== HOW TO COMPLETE THIS TASK ==
For every line in the records below that holds "only", make a copy.

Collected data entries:
▽

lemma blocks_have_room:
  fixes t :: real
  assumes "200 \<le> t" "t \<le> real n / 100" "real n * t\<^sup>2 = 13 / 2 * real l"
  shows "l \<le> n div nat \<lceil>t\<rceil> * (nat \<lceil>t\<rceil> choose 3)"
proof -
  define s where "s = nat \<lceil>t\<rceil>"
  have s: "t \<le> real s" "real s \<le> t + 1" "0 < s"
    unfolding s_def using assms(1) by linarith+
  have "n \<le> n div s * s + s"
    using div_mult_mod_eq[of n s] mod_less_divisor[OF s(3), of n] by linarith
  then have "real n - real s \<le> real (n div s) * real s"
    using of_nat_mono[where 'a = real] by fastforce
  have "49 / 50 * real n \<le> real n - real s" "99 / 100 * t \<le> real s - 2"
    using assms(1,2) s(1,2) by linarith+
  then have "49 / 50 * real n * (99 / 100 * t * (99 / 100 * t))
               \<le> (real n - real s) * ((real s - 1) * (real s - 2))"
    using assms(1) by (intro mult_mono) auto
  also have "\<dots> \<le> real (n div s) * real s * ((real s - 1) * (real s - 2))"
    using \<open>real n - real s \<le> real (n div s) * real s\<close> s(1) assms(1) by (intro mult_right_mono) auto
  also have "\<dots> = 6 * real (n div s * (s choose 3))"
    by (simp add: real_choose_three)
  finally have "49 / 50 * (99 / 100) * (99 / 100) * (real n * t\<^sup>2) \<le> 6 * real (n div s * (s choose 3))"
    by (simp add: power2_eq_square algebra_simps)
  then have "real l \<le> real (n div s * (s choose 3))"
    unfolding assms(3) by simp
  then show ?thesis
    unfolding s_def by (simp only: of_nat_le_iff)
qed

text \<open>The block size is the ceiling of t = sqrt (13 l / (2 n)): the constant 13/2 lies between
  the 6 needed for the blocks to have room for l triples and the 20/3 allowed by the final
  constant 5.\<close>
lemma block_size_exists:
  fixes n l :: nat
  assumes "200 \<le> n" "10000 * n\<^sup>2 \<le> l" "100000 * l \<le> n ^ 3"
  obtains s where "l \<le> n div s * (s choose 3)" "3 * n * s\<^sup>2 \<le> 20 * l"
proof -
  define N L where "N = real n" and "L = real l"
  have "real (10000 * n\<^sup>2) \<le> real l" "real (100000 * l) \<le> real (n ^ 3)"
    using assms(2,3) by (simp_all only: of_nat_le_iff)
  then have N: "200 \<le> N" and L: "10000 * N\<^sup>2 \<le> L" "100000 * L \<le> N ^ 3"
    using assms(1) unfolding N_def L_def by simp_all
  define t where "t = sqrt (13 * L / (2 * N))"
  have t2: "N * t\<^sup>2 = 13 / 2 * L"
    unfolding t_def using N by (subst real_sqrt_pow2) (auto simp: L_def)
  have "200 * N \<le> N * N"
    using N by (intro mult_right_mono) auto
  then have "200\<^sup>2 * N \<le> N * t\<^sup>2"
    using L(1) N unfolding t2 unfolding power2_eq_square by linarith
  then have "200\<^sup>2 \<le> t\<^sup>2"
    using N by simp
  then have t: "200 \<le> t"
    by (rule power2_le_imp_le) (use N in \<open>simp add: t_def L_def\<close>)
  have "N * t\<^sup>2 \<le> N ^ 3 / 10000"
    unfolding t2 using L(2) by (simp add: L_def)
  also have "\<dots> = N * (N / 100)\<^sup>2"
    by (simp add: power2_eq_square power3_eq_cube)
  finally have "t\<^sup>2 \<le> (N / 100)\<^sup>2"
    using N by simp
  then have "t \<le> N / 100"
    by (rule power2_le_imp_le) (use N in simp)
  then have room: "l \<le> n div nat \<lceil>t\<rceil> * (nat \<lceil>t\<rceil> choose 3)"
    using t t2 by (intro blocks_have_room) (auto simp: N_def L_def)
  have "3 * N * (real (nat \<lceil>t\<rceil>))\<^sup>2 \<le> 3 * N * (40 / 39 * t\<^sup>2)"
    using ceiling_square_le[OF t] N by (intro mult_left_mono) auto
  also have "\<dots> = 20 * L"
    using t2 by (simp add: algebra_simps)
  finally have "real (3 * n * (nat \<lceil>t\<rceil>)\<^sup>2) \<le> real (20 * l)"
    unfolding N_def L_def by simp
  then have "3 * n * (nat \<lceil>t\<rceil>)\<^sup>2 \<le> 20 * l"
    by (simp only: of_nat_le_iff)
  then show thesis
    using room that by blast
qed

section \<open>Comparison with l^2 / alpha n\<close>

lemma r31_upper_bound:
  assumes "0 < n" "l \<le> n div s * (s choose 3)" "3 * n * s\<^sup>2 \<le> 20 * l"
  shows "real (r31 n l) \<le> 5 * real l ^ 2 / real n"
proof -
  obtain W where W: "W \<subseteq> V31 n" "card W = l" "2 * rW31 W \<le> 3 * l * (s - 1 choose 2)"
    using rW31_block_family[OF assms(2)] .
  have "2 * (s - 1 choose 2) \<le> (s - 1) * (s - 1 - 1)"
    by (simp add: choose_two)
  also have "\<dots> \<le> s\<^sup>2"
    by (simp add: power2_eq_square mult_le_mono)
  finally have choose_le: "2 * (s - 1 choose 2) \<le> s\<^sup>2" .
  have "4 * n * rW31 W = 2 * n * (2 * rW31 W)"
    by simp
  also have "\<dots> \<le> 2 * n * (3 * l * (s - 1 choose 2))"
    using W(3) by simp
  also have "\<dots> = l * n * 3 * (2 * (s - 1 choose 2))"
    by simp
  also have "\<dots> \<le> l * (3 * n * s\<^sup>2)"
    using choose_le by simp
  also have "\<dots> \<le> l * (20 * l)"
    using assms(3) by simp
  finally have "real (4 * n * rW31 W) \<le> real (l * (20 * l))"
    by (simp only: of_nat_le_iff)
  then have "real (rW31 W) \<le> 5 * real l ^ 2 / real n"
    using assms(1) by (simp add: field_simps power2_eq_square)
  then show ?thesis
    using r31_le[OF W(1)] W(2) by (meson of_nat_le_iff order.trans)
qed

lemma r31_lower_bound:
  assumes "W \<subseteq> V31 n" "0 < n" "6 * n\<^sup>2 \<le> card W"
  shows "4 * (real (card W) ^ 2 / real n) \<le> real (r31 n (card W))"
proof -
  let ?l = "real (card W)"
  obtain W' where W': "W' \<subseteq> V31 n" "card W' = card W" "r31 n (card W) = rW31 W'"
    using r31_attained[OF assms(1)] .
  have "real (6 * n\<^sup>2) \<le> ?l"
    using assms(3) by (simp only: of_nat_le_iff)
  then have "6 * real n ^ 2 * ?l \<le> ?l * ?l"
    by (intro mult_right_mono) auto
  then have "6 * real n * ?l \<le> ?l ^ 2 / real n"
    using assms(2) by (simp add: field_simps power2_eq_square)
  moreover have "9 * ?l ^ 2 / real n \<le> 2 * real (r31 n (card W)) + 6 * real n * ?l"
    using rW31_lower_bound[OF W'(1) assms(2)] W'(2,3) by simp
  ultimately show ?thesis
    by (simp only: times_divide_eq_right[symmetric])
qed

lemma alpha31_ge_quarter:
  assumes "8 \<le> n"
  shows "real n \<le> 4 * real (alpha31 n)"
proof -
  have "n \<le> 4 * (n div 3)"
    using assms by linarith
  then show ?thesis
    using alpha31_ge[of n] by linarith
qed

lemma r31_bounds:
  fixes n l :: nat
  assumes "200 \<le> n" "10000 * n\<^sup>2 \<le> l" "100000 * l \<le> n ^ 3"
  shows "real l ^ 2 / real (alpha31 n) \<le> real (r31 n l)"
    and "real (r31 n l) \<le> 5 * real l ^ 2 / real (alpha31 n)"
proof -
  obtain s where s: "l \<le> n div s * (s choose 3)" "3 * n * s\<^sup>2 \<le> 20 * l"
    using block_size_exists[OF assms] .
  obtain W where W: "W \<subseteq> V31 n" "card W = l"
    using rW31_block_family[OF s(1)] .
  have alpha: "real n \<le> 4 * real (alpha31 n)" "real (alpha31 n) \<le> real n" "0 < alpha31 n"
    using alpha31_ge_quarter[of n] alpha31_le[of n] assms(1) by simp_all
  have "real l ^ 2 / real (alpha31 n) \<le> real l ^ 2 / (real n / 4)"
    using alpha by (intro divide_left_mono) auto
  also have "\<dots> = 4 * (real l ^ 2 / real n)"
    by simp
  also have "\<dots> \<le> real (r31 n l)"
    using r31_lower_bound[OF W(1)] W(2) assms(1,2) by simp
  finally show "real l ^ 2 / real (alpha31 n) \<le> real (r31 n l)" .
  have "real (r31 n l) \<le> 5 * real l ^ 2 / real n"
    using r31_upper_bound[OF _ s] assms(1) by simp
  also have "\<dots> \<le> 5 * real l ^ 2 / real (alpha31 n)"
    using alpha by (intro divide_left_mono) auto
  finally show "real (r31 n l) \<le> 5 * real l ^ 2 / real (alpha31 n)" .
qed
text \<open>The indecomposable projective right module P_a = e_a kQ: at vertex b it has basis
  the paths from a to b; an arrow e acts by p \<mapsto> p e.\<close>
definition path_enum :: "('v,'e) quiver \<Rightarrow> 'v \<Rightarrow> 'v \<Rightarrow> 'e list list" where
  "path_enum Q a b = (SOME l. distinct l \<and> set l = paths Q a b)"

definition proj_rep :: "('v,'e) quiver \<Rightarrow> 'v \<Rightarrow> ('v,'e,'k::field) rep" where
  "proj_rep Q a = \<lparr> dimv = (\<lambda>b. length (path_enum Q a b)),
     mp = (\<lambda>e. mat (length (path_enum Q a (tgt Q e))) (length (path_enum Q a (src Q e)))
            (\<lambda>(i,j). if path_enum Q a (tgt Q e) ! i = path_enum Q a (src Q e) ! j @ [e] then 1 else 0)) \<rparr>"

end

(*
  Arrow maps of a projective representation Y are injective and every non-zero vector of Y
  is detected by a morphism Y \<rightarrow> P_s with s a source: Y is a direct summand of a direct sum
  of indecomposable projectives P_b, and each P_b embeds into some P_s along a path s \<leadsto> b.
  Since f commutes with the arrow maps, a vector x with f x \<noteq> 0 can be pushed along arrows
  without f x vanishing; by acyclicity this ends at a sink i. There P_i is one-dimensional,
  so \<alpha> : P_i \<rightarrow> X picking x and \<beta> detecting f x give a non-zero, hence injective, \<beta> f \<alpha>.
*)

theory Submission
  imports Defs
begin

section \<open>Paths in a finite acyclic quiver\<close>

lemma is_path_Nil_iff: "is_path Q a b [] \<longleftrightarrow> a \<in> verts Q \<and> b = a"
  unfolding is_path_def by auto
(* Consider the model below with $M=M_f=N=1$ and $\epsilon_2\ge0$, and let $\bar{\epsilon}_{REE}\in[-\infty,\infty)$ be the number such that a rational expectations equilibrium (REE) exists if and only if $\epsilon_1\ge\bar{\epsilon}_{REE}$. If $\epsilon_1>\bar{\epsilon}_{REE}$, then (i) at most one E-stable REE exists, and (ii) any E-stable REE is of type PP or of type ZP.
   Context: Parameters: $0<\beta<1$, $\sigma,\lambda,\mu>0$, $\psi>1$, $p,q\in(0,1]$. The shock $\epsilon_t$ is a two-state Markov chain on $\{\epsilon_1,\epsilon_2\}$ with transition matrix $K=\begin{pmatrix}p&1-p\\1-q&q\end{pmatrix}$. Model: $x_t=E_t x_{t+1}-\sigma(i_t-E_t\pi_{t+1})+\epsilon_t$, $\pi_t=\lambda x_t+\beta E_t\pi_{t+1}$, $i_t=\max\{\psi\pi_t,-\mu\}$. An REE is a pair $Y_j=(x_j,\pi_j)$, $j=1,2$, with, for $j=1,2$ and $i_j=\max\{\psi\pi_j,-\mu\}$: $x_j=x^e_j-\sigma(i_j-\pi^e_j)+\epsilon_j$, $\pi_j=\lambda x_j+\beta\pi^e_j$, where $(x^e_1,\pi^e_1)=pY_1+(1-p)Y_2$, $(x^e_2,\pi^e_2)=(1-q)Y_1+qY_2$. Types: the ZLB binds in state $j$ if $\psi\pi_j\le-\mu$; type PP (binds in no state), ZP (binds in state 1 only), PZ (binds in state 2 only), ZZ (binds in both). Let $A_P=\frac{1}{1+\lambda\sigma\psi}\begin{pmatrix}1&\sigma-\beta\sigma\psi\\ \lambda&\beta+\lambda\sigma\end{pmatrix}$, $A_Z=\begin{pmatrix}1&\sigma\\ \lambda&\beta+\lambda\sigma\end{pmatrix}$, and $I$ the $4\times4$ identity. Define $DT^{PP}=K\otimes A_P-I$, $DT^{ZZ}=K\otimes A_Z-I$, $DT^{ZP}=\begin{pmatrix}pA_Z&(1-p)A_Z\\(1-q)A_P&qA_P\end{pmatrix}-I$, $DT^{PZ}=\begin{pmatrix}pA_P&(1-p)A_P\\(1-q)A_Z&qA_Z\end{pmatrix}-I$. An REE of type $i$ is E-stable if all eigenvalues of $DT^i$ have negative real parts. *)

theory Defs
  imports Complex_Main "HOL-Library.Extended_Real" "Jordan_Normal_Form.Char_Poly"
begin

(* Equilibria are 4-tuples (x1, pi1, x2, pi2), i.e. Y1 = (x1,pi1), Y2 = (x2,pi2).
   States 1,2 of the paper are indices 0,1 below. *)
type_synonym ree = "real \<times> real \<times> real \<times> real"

△

== RESPONSE TO THIS EXERCISE ==
    unfolding s_def by (simp only: of_nat_le_iff)
    using assms(2,3) by (simp_all only: of_nat_le_iff)
    by (simp only: of_nat_le_iff)
    by (simp only: of_nat_le_iff)
    using assms(3) by (simp only: of_nat_le_iff)
    by (simp only: times_divide_eq_right[symmetric])
(* Consider the model below with $M=M_f=N=1$ and $\epsilon_2\ge0$, and let $\bar{\epsilon}_{REE}\in[-\infty,\infty)$ be the number such that a rational expectations equilibrium (REE) exists if and only if $\epsilon_1\ge\bar{\epsilon}_{REE}$. If $\epsilon_1>\bar{\epsilon}_{REE}$, then (i) at most one E-stable REE exists, and (ii) any E-stable REE is of type PP or of type ZP.
   Context: Parameters: $0<\beta<1$, $\sigma,\lambda,\mu>0$, $\psi>1$, $p,q\in(0,1]$. The shock $\epsilon_t$ is a two-state Markov chain on $\{\epsilon_1,\epsilon_2\}$ with transition matrix $K=\begin{pmatrix}p&1-p\\1-q&q\end{pmatrix}$. Model: $x_t=E_t x_{t+1}-\sigma(i_t-E_t\pi_{t+1})+\epsilon_t$, $\pi_t=\lambda x_t+\beta E_t\pi_{t+1}$, $i_t=\max\{\psi\pi_t,-\mu\}$. An REE is a pair $Y_j=(x_j,\pi_j)$, $j=1,2$, with, for $j=1,2$ and $i_j=\max\{\psi\pi_j,-\mu\}$: $x_j=x^e_j-\sigma(i_j-\pi^e_j)+\epsilon_j$, $\pi_j=\lambda x_j+\beta\pi^e_j$, where $(x^e_1,\pi^e_1)=pY_1+(1-p)Y_2$, $(x^e_2,\pi^e_2)=(1-q)Y_1+qY_2$. Types: the ZLB binds in state $j$ if $\psi\pi_j\le-\mu$; type PP (binds in no state), ZP (binds in state 1 only), PZ (binds in state 2 only), ZZ (binds in both). Let $A_P=\frac{1}{1+\lambda\sigma\psi}\begin{pmatrix}1&\sigma-\beta\sigma\psi\\ \lambda&\beta+\lambda\sigma\end{pmatrix}$, $A_Z=\begin{pmatrix}1&\sigma\\ \lambda&\beta+\lambda\sigma\end{pmatrix}$, and $I$ the $4\times4$ identity. Define $DT^{PP}=K\otimes A_P-I$, $DT^{ZZ}=K\otimes A_Z-I$, $DT^{ZP}=\begin{pmatrix}pA_Z&(1-p)A_Z\\(1-q)A_P&qA_P\end{pmatrix}-I$, $DT^{PZ}=\begin{pmatrix}pA_P&(1-p)A_P\\(1-q)A_Z&qA_Z\end{pmatrix}-I$. An REE of type $i$ is E-stable if all eigenvalues of $DT^i$ have negative real parts. *)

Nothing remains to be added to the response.